Little Planets and Wonky Gravity in Rashlander Launch Trailer

One of the semi-forgotten early arcade classics is Lunar Lander, possibly because by today’s standards it’s a gameplay concept rather than a full game.  Robotron, Asteroids, and Pac-Man all had a strong gameplay arc but Lunar Lander was more about mastering a single control system until inevitably running out of gas.  Rashlander is Lunar Lander fused with an action-roguelike, where you pilot a nimble ship that can thrust and rotate through a crowded outer space while nursing the fuel supply to make it to the next gas pad.  Platforms on the mini-planets are fairly common but take a little finesse to land on, with the rewards ranging from a full tank of gas to one of a selection of permanent power-ups.  That latter option tends to be a mixed bag because many of them balance their upgrades with questionable side-effects.  Getting a bigger gas meter is nice but the scrambled l33t-t3x7 can be tricky to manage, while a hefty scoring bonus comes at the price of a constantly leaking fuel tank.  Managing the consequences of a decision is all part of a good roguelike, though, and exploiting the advantages can go a long way towards finding the secrets hidden in Rashlander’s colorful retro-space.

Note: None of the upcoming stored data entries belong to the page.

lemma sum_nonempty_subsets_by_card:
  fixes g :: "nat \<Rightarrow> real"
  assumes "finite S"
  shows "(\<Sum>C\<in>{C. C \<subseteq> S \<and> C \<noteq> {}}. fact (card C - 1) * fact (card S - card C) * g (card C))
       = fact (card S) * (\<Sum>L=1..card S. g L / real L)"
proof -
  define n where "n = card S"
  define h where "h L = (if L = 0 then 0 else fact (L - 1) * fact (n - L) * g L)" for L
  have "(\<Sum>C\<in>{C. C \<subseteq> S \<and> C \<noteq> {}}. fact (card C - 1) * fact (n - card C) * g (card C))
      = (\<Sum>C\<in>Pow S. h (card C))"
    using assms by (intro sum.mono_neutral_cong_left) (auto simp: h_def dest: finite_subset)
  also have "\<dots> = (\<Sum>L=1..n. real (n choose L) * h L)"
    using sum_Pow_card[OF assms, of h] by (simp add: n_def atMost_atLeast0 sum.atLeast_Suc_atMost h_def)
  also have "\<dots> = (\<Sum>L=1..n. fact n * (g L / real L))"
  proof (rule sum.cong[OF refl])
    fix L assume L: "L \<in> {1..n}"
    then have "real (n choose L) * (fact L * fact (n - L)) = fact n"
      using binomial_fact_lemma[of L n] by (metis atLeastAtMost_iff mult.commute of_nat_fact of_nat_mult)
    moreover have "(fact L :: real) = real L * fact (L - 1)" using L by (simp add: fact_reduce)
    ultimately show "real (n choose L) * h L = fact n * (g L / real L)"
      using L by (simp add: h_def field_simps)
  qed
  finally show ?thesis by (simp add: n_def sum_distrib_left)
qed


lemma sum_choose_short_cycles_step:
  fixes B :: "nat \<Rightarrow> real" and S :: "'a set"
  assumes S: "finite S" and q: "q \<ge> 1" and r: "r \<ge> 1" and B: "\<And>i. B i \<ge> 0"
    and IH: "\<And>i (T :: 'a set). i \<in> {1..r} \<Longrightarrow> finite T \<Longrightarrow>
      (\<Sum>\<sigma>\<in>{\<sigma>. \<sigma> permutes T}. real (card (short_cycles q k T \<sigma>) choose (r - i))) \<le> fact (card T) * B (r - i)"
  shows "real r * (\<Sum>\<pi>\<in>{\<pi>. \<pi> permutes S}. real (card (short_cycles q k S \<pi>) choose r))
    \<le> fact (card S) * (\<Sum>i=1..r. real i * cycle_weight_sum q k i * B (r - i))"
proof -
  define w where "w L i = real i * real (cycle_weight q k L choose i)" for L i
  define \<Phi> where "\<Phi> C \<sigma> = (\<Sum>i=1..r. w (card C) i * real (card (short_cycles q k (S - C) \<sigma>) choose (r - i)))"
    for C \<sigma>
  define g where "g L = (\<Sum>i=1..r. w L i * B (r - i))" for L
  have rest: "(\<Sum>\<sigma>\<in>{\<sigma>. \<sigma> permutes (S - C)}. \<Phi> C \<sigma>) \<le> fact (card S - card C) * g (card C)"
    if "C \<subseteq> S" for C
  proof -
    have "(\<Sum>\<sigma>\<in>{\<sigma>. \<sigma> permutes (S - C)}. \<Phi> C \<sigma>) = (\<Sum>i=1..r. w (card C) i *
        (\<Sum>\<sigma>\<in>{\<sigma>. \<sigma> permutes (S - C)}. real (card (short_cycles q k (S - C) \<sigma>) choose (r - i))))"
      unfolding \<Phi>_def by (subst sum.swap) (simp add: sum_distrib_left)
    also have "\<dots> \<le> (\<Sum>i=1..r. w (card C) i * (fact (card (S - C)) * B (r - i)))"
      using IH[where T = "S - C"] S by (intro sum_mono mult_left_mono) (auto simp: w_def)
    also have "card (S - C) = card S - card C"
      using that S by (simp add: card_Diff_subset finite_subset)
    finally show ?thesis by (simp add: g_def sum_distrib_left mult_ac)
  qed
  have "real r * (\<Sum>\<pi>\<in>{\<pi>. \<pi> permutes S}. real (card (short_cycles q k S \<pi>) choose r))
      \<le> (\<Sum>\<pi>\<in>{\<pi>. \<pi> permutes S}. \<Sum>c\<in>orbit \<pi> ` S. \<Phi> c (perm_restrict \<pi> (S - c)))"
    unfolding sum_distrib_left \<Phi>_def w_def
    using choose_short_cycles_le_sum[OF _ S r]
    by (intro sum_mono) (simp only: of_nat_mult[symmetric] of_nat_sum[symmetric] of_nat_le_iff mem_Collect_eq)
  also have "\<dots> = (\<Sum>C\<in>{C. C \<subseteq> S \<and> C \<noteq> {}}. fact (card C - 1) * (\<Sum>\<sigma>\<in>{\<sigma>. \<sigma> permutes (S - C)}. \<Phi> C \<sigma>))"
  proof -
    have "real (card {\<tau>. \<tau> permutes C \<and> cyclic_on \<tau> C}) = fact (card C - 1)"
      if "C \<in> {C. C \<subseteq> S \<and> C \<noteq> {}}" for C
      using that card_cyclic_permutations[of C] finite_subset[OF _ S] by simp
    then show ?thesis unfolding sum_permutes_cycles[OF S, of \<Phi>] by (intro sum.cong refl) simp
  qed
  also have "\<dots> \<le> (\<Sum>C\<in>{C. C \<subseteq> S \<and> C \<noteq> {}}. fact (card C - 1) * fact (card S - card C) * g (card C))"
    using rest by (intro sum_mono) (simp add: mult.assoc)
  also have "\<dots> = fact (card S) * (\<Sum>L=1..card S. g L / real L)"
    by (rule sum_nonempty_subsets_by_card[OF S])
  also have "(\<Sum>L=1..card S. g L / real L)
      = (\<Sum>i=1..r. real i * B (r - i) * (\<Sum>L=1..card S. real (cycle_weight q k L choose i) / real L))"
    unfolding g_def w_def sum_divide_distrib sum_distrib_left by (subst sum.swap) (simp add: mult_ac)
  also have "\<dots> \<le> (\<Sum>i=1..r. real i * B (r - i) * cycle_weight_sum q k i)"
    using sum_cycle_weight_le[OF q] B by (intro sum_mono mult_left_mono) auto
  finally show ?thesis by (simp add: mult_ac)
qed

Rashlander launched today and is well worth a look.  I’ve been playing it for a couple of weeks now thanks to its original intended launch in late July, and keep getting drawn back for another round or two in its dangerously cluttered universe.  Trying different ships, questing after unique upgrades, flying to a mysterious indicators, and more make each level a choice between zipping to the exit or exploring to see what it hides.  It’s a sneakily replayable update of an arcade classic, so give a look to the launch trailer to see it in action or just head over to Steam to check it out.  Alternately, if the $3.59 pricing for launch week seems a little too light, there’s a fantastic arcade cabinet available at a mere $3499.99 that makes me wish I was significantly richer than I actually am.